The take home from these examples is that concrete modeling in Pyomo is being made unnecessarily awkward by trying to cram both abstract and concrete behavior into a single component that behaves both as a singleton and dict-like object. Concrete modeling should be made easier and more intuitive, since this is THE place to start for testing or debugging a model. Picture firing up the python interactive interpreter and typing the five lines necessary to figure out the behavior for component A in some context, I’m not going to create a separate file data to do this (unless the problem has to do with importing data). I can’t necessarily know if the problem has to do with importing data unless I verify that I understand the intended behavior with concrete components.
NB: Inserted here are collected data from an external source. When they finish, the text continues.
definition cd_sweep ::
  "((real,'n) vec \<Rightarrow> (real,'n) vec) \<Rightarrow> ('n::{finite,linorder} \<Rightarrow> real) \<Rightarrow> ('n \<Rightarrow> real \<Rightarrow> ereal) \<Rightarrow> (real,'n) vec \<Rightarrow> (real,'n) vec" where
  "cd_sweep gradf \<gamma> G x = fold (cd_update gradf \<gamma> G) (sorted_list_of_set UNIV) x"

end

theory Submission
  imports Defs
begin

text \<open>
  By non-degeneracy, \<open>-\<nabla>f(x\<^sup>\<star>)\<close> lies in the relative interior of
  \<open>\<partial>g(x\<^sup>\<star>)\<close>, which is the product of the intervals \<open>\<partial>g\<^sub>j(x\<^sup>\<star>\<^sub>j)\<close>. Outside the generalized
  support these intervals have more than one point, so there \<open>-\<nabla>\<^sub>jf(x\<^sup>\<star>)\<close> is an interior point
  of \<open>\<partial>g\<^sub>j(x\<^sup>\<star>\<^sub>j)\<close>. Within a sweep, coordinate \<open>j\<close> is updated at a point \<open>z\<close> mixing the
  coordinates of the old and the new iterate, so \<open>z \<rightarrow> x\<^sup>\<star>\<close>. Since \<open>prox\<^sub>\<gamma>\<^sub>h(v) = a\<close> as soon
  as \<open>(v - a)/\<gamma> \<in> \<partial>h(a)\<close>, and \<open>(z\<^sub>j - \<gamma>\<^sub>j \<nabla>\<^sub>jf(z) - x\<^sup>\<star>\<^sub>j)/\<gamma>\<^sub>j \<rightarrow> -\<nabla>\<^sub>jf(x\<^sup>\<star>)\<close>, the update
  eventually returns exactly \<open>x\<^sup>\<star>\<^sub>j\<close>.
  Only continuity of \<open>\<nabla>f\<close>, positive step sizes, properness of the \<open>g\<^sub>j\<close>, non-degeneracy
  at \<open>x\<^sup>\<star>\<close> and convergence of the iterates are used; the other hypotheses belong to the
  paper's rate analysis.
\<close>

lemma cd_update_nth:
  "cd_update gradf \<gamma> G j x $ i = (if i = j then prox (\<gamma> j) (G j) (x $ j - \<gamma> j * gradf x $ j) else x $ i)"
  by (simp add: cd_update_def)

lemma fold_cd_update_nth_notin:
  "i \<notin> set l \<Longrightarrow> fold (cd_update gradf \<gamma> G) l x $ i = x $ i"
  by (induction l arbitrary: x) (auto simp: cd_update_nth)

lemma fold_cd_update_nth_intermediate:
  assumes "distinct l" "j \<in> set l"
  shows "\<exists>z. (\<forall>i. z $ i = x $ i \<or> z $ i = fold (cd_update gradf \<gamma> G) l x $ i) \<and>
             fold (cd_update gradf \<gamma> G) l x $ j = cd_update gradf \<gamma> G j z $ j"
  using assms
proof (induction l arbitrary: x)
  case Nil
  then show ?case by simp
next
  case (Cons a l)
  let ?upd = "cd_update gradf \<gamma> G"
  show ?case
  proof (cases "j = a")
    case True
    then show ?thesis
      using Cons.prems by (intro exI[of _ x]) (auto simp: fold_cd_update_nth_notin)
  next
    case False
    with Cons.prems obtain z where
      z_mix: "\<forall>i. z $ i = ?upd a x $ i \<or> z $ i = fold ?upd l (?upd a x) $ i" and
      z_upd: "fold ?upd l (?upd a x) $ j = ?upd j z $ j"
      using Cons.IH[of "?upd a x"] by auto
    have "z $ i = x $ i \<or> z $ i = fold ?upd (a # l) x $ i" for i
      using z_mix[rule_format, of i] Cons.prems fold_cd_update_nth_notin[of a l _ _ _ "?upd a x"]
      by (cases "i = a") (auto simp: cd_update_nth)
    then show ?thesis
      using z_upd by auto
  qed
qed

lemma cd_sweep_nth_intermediate:
  fixes x :: "(real, 'n::{finite,linorder}) vec"
  shows "\<exists>z. (\<forall>i. z $ i = x $ i \<or> z $ i = cd_sweep gradf \<gamma> G x $ i) \<and>
             cd_sweep gradf \<gamma> G x $ j = prox (\<gamma> j) (G j) (z $ j - \<gamma> j * gradf z $ j)"
  using fold_cd_update_nth_intermediate[of "sorted_list_of_set UNIV" j x gradf \<gamma> G]
  by (simp add: cd_sweep_def cd_update_nth)

lemma tendsto_vec_coordinatewise_choice:
  fixes X Y Z :: "'a \<Rightarrow> (real, 'n::finite) vec"
  assumes "(X \<longlongrightarrow> l) F" "(Y \<longlongrightarrow> l) F"
    and "\<And>t i. Z t $ i = X t $ i \<or> Z t $ i = Y t $ i"
  shows "(Z \<longlongrightarrow> l) F"
proof (rule vec_tendstoI)
  fix i
  have X: "((\<lambda>t. X t $ i) \<longlongrightarrow> l $ i) F"
    using assms(1) by (rule tendsto_vec_nth)
  have Y: "((\<lambda>t. Y t $ i) \<longlongrightarrow> l $ i) F"
    using assms(2) by (rule tendsto_vec_nth)
  have bound: "norm (Z t $ i - l $ i) \<le> dist (X t $ i) (l $ i) + dist (Y t $ i) (l $ i)" for t
    using assms(3)[of t i] by (auto simp: dist_norm)
  have "((\<lambda>t. dist (X t $ i) (l $ i) + dist (Y t $ i) (l $ i)) \<longlongrightarrow> 0) F"
    using tendsto_add[OF tendsto_dist[OF X tendsto_const[of "l $ i"]]
        tendsto_dist[OF Y tendsto_const[of "l $ i"]]]
    by simp
  with always_eventually[OF allI[OF bound]] have "((\<lambda>t. Z t $ i - l $ i) \<longlongrightarrow> 0) F"
    by (rule Lim_null_comparison)
  then show "((\<lambda>t. Z t $ i) \<longlongrightarrow> l $ i) F"
    by (rule LIM_zero_cancel)
qed

lemma subdiff_sep_sum_iff:
  assumes no_minf: "\<And>i t. G i t \<noteq> -\<infinity>"
  shows "w \<in> subdiff (sep_sum G) x \<longleftrightarrow> (\<forall>i. w $ i \<in> subdiff (G i) (x $ i))"
proof
  assume w: "w \<in> subdiff (sep_sum G) x"
  then have fin: "\<And>i. G i (x $ i) \<noteq> \<infinity>"
    by (auto simp: subdiff_def sep_sum_def sum_Pinfty)
  have ineq: "\<And>y. sep_sum G y \<ge> sep_sum G x + ereal (w \<bullet> (y - x))"
    using w by (auto simp: subdiff_def)
  define r where "r i = real_of_ereal (G i (x $ i))" for i
  have r: "G i (x $ i) = ereal (r i)" for i
    using fin[of i] no_minf[of i "x $ i"] unfolding r_def by (cases "G i (x $ i)") auto
  show "\<forall>j. w $ j \<in> subdiff (G j) (x $ j)"
  proof
    fix j
    define R where "R = (\<Sum>i\<in>UNIV - {j}. r i)"
    have split: "sep_sum G y = G j (y $ j) + (\<Sum>i\<in>UNIV - {j}. G i (y $ i))" for y
      unfolding sep_sum_def by (simp add: sum.remove)
    have "G j t \<ge> G j (x $ j) + ereal (w $ j * (t - x $ j))" for t
    proof -
      define y where "y = x + (t - x $ j) *\<^sub>R axis j 1"
      have "(\<Sum>i\<in>UNIV - {j}. G i (y $ i)) = ereal R"
        unfolding R_def by (simp add: y_def axis_def r)
      moreover have "sep_sum G x = ereal (r j) + ereal R"
        unfolding split R_def by (simp add: r)
      moreover have "w \<bullet> (y - x) = w $ j * (t - x $ j)" and "y $ j = t"
        by (simp_all add: y_def inner_axis)
      ultimately have "G j t + ereal R \<ge> ereal (r j) + ereal R + ereal (w $ j * (t - x $ j))"
        using ineq[of y] split[of y] by simp
      then show ?thesis
        using no_minf[of j t] r[of j] by (cases "G j t") auto
    qed
    then show "w $ j \<in> subdiff (G j) (x $ j)"
      using fin[of j] by (auto simp: subdiff_def)
  qed
next
  assume w: "\<forall>i. w $ i \<in> subdiff (G i) (x $ i)"
  have "sep_sum G y \<ge> sep_sum G x + ereal (w \<bullet> (y - x))" for y
  proof -
    have "sep_sum G x + ereal (w \<bullet> (y - x)) = (\<Sum>i\<in>UNIV. G i (x $ i) + ereal (w $ i * (y $ i - x $ i)))"
      by (simp add: sum.distrib sep_sum_def inner_vec_def)
    also have "\<dots> \<le> sep_sum G y"
      unfolding sep_sum_def using w by (intro sum_mono) (auto simp: subdiff_def)
    finally show ?thesis .
  qed
  moreover have "sep_sum G x \<noteq> \<infinity>"
    using w by (auto simp: subdiff_def sep_sum_def sum_Pinfty)
  ultimately show "w \<in> subdiff (sep_sum G) x"
    by (auto simp: subdiff_def)
qed

lemma rel_interior_subdiff_sep_sum_nth:
  assumes no_minf: "\<And>i t. G i t \<noteq> -\<infinity>"
    and u: "u \<in> rel_interior (subdiff (sep_sum G) x)"
    and not_singleton: "\<nexists>c. subdiff (G j) (x $ j) = {c}"
  shows "u $ j \<in> interior (subdiff (G j) (x $ j))"
proof -
  let ?P = "subdiff (sep_sum G) x"
  note subdiff_nth = subdiff_sep_sum_iff[where G = G, OF no_minf]
  have uP: "u \<in> ?P"
    using u rel_interior_subset by blast
  obtain e where e: "e > 0" "ball u e \<inter> affine hull ?P \<subseteq> ?P"
    using u by (auto simp: mem_rel_interior_ball)
  have u_nth: "u $ i \<in> subdiff (G i) (x $ i)" for i
    using uP subdiff_nth by blast
  then obtain c where c: "c \<in> subdiff (G j) (x $ j)" "c \<noteq> u $ j"
    using not_singleton by blast
  define w where "w = u + (c - u $ j) *\<^sub>R axis j 1"
  have wP: "w \<in> ?P"
    using c u_nth by (auto simp: subdiff_nth w_def axis_def)
  have "r \<in> subdiff (G j) (x $ j)" if r: "r \<in> ball (u $ j) e" for r
  proof -
    define s where "s = (r - u $ j) / (c - u $ j)"
    define p where "p = (1 - s) *\<^sub>R u + s *\<^sub>R w"
    have "p = u + (s * (c - u $ j)) *\<^sub>R axis j 1"
      by (simp add: p_def w_def algebra_simps)
    then have p_eq: "p = u + (r - u $ j) *\<^sub>R axis j 1"
      using c(2) by (simp add: s_def)
    have "p \<in> affine hull ?P"
      using affine_affine_hull[of ?P] hull_inc[OF uP] hull_inc[OF wP]
      unfolding p_def affine_def by auto
    moreover have "p \<in> ball u e"
      using r by (simp add: p_eq dist_norm)
    ultimately have "p \<in> ?P"
      using e by blast
    then have "p $ j \<in> subdiff (G j) (x $ j)"
      using subdiff_nth by blast
    then show ?thesis
      by (simp add: p_eq)
  qed
  then show ?thesis
    using e(1) by (auto simp: mem_interior)
qed

lemma prox_eqI:
  assumes \<gamma>: "\<gamma> > 0" and no_minf: "\<And>t. h t \<noteq> -\<infinity>"
    and subgrad: "(v - a) / \<gamma> \<in> subdiff h a"
  shows "prox \<gamma> h v = a"
proof -
  define w where "w = (v - a) / \<gamma>"
  define F where "F z = ereal (1 / (2 * \<gamma>) * (v - z)\<^sup>2) + h z" for z
  have sub: "\<And>z. h z \<ge> h a + ereal (w * (z - a))"
    using subgrad by (auto simp: subdiff_def w_def)
  obtain ra where ra: "h a = ereal ra"
    using subgrad no_minf[of a] by (cases "h a") (auto simp: subdiff_def)
  have strict: "F a < F z" if "z \<noteq> a" for z
  proof (cases "h z")
    case (real rz)
    have "1 / (2 * \<gamma>) * (v - z)\<^sup>2 = 1 / (2 * \<gamma>) * (v - a)\<^sup>2 - w * (z - a) + 1 / (2 * \<gamma>) * (z - a)\<^sup>2"
      using \<gamma> by (simp add: w_def field_simps power2_eq_square)
    moreover have "1 / (2 * \<gamma>) * (z - a)\<^sup>2 > 0"
      using \<gamma> that by simp
    ultimately show ?thesis
      using sub[of z] by (simp add: F_def real ra)
  next
    case PInf
    then show ?thesis by (simp add: F_def ra)
  next
    case MInf
    then show ?thesis using no_minf by simp
  qed
  show ?thesis
    unfolding prox_def
  proof (rule the_equality)
    show "\<forall>z. ereal (1 / (2 * \<gamma>) * (v - a)\<^sup>2) + h a \<le> ereal (1 / (2 * \<gamma>) * (v - z)\<^sup>2) + h z"
      using strict by (metis F_def order.order_iff_strict)
  next
    fix y
    assume "\<forall>z. ereal (1 / (2 * \<gamma>) * (v - y)\<^sup>2) + h y \<le> ereal (1 / (2 * \<gamma>) * (v - z)\<^sup>2) + h z"
    then show "y = a"
      using strict[of y] by (metis F_def not_le)
  qed
qed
Extending to Other Components

As of r10847, Pyomo trunk includes a Dict prototype for Expression, Objective, and Constraint. Extending this functionality to Block and Var would not be a difficult undertaking. This would necessarily include:

  1. Deciding on a pure abstract interface for BlockData and VarData.

  2. Implementing a general purpose version of this interface.
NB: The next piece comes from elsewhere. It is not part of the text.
(* Let $h$ be an admissible perturbation. Then $\psi^h$ is strictly convex on $\Pi_h$, its unique minimizer $\pi^h$ lies in $\mathrm{int}(\Pi_h)$ and satisfies $F^h(A\pi^h)=\pi^h$. Moreover, for every $\pi\in\mathrm{int}(\Pi_h)$ one has $F^h(A\pi)\in\mathrm{int}(\Pi_h)$ and $$\Upsilon(\pi):=\big(\tilde\nabla h(F^h(A\pi))-\tilde\nabla h(\pi)\big)'\big(F^h(A\pi)-\pi\big)\ge0,$$ with equality if and only if $\pi=\pi^h$.
   Context: Network: $\mathcal G=(\mathcal V,\mathcal E)$ is a finite directed graph with $\mathcal V=\{0,1,\dots,n\}$, containing no directed cycle, in which node $0$ is the unique node with no incoming link, node $n$ is the unique node with no outgoing link, there is a directed path from every node to $n$, and every link $(u,v)\in\mathcal E$ satisfies $u<v$. Each link $e$ has a flow-density function $\mu_e:[0,\infty)\to[0,\infty)$ that is continuously differentiable, strictly increasing, strictly concave, with $\mu_e(0)=0$ and $\mu_e'(0)<\infty$; its capacity is $C_e:=\lim_{\rho\to\infty}\mu_e(\rho)\in(0,+\infty]$; $\mathcal F:=\prod_{e\in\mathcal E}[0,C_e)$. The delay is $T_e(f_e)=\mu_e^{-1}(f_e)/f_e$ for $0<f_e<C_e$, $T_e(0)=1/\mu_e'(0)$, $T_e(f_e)=+\infty$ for $f_e\ge C_e$; $T(f):=(T_e(f_e))_e$. $\mathcal P$ is the set of directed paths from $0$ to $n$, $A\in\{0,1\}^{\mathcal E\times\mathcal P}$ the link-path incidence matrix ($A_{ep}=1$ iff $e\in p$), $\mathcal S(\mathcal P)=\{\pi\in\mathbb R_+^{\mathcal P}:\sum_p\pi_p=1\}$, $\Pi:=\{\pi\in\mathcal S(\mathcal P):(A\pi)_e<C_e\ \forall e\}$. The min-cut capacity $C^*:=\min\{\sum_{(u,v)\in\mathcal E:u\in\mathcal U,v\notin\mathcal U}C_{(u,v)}:\mathcal U\subseteq\mathcal V,0\in\mathcal U,n\notin\mathcal U\}$ is assumed to satisfy $C^*>1$. Perturbation: $\Phi:=I-|\mathcal P|^{-1}\mathbf 1\mathbf 1'$; interiors $\mathrm{int}$ and boundaries $\partial$ of subsets of $\mathcal S(\mathcal P)$ are relative to the hyperplane $\{x:\mathbf 1'x=1\}$. An admissible perturbation is a function $h:\Pi_h\to\mathbb R$, where $\Pi_h\subseteq\Pi$ is closed in $\mathbb R^{\mathcal P}$, convex, with nonempty interior, $h$ is strictly convex, twice differentiable on $\mathrm{int}(\Pi_h)$, and $\|\tilde\nabla h(\pi)\|\to+\infty$ as $\pi\to\partial\Pi_h$, where $\tilde\nabla h:=\Phi\nabla h$. Its perturbed best response is $F^h(f):=\arg\min_{\omega\in\Pi_h}\{\omega'A'T(f)+h(\omega)\}$ for $f\in\mathcal F$. Define $\psi^h(\pi):=\sum_{e\in\mathcal E}\int_0^{(A\pi)_e}T_e(s)\,ds+h(\pi)$ for $\pi\in\Pi_h$. *)

theory Defs
  imports "HOL-Analysis.Analysis"
begin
  3. A developer discussion about implicit vs. explicit creation of XData components. E.g., VarDict[i,j] = Reals vs. VarDict[i,j] = VarData(Reals), and whether or not we support the implicit form never, or only for some components. For instance BlockData(), shouldn’t require any arguments (that I can think of), so supporting implicit creation during an explicit assignment is a bit goofy (e.g., BlockDict[i,j] = None?).

    WEH

    I think we need to discuss the pure abstract interface that you refer to. Although I’ve seen the commits you made recently, I don’t understand why they are required.

A List Container

I’m less attached to this idea. But if you support XDict, it’s hard to think of any reason why NOT to provide XList.

WEH

I don’t think we need VarDict because we already have Var, and I don’t think we need VarList because we already have VarList. I’m not seeing what a different component layer adds to Pyomo.

GH

The list of inconsistencies and awkward behaviors that have been discussed throughout the document above is far from complete. Drawing on my experiences as a developer that has tried to make Pyomo core more intuitive in the concrete setting, the only conclusion I can draw at this point is that we need a cleaner separation of the concrete and abstract interfaces. I know we all want to make Pyomo better, but we have different ideas about these core components, and I have no doubt that Pyomo core will continue to go back and forth with these issues as long as an abstract and concrete interface try to live in the same component container. IMHO, I think designing a Concrete-only interface that we all agree upon will be a trivial exercise. Additionally, I think rebuilding ALL of the current abstract functionality on top of these concrete building blocks is another trivial exercise (we can even include the current inconsistencies). We can provide the stable concrete interface now, and work on improvements and fixes to the abstract interface that would necessarily take place over a longer time period because of backward incompatibility concerns as well as developer disagreement over what the correct behavior is.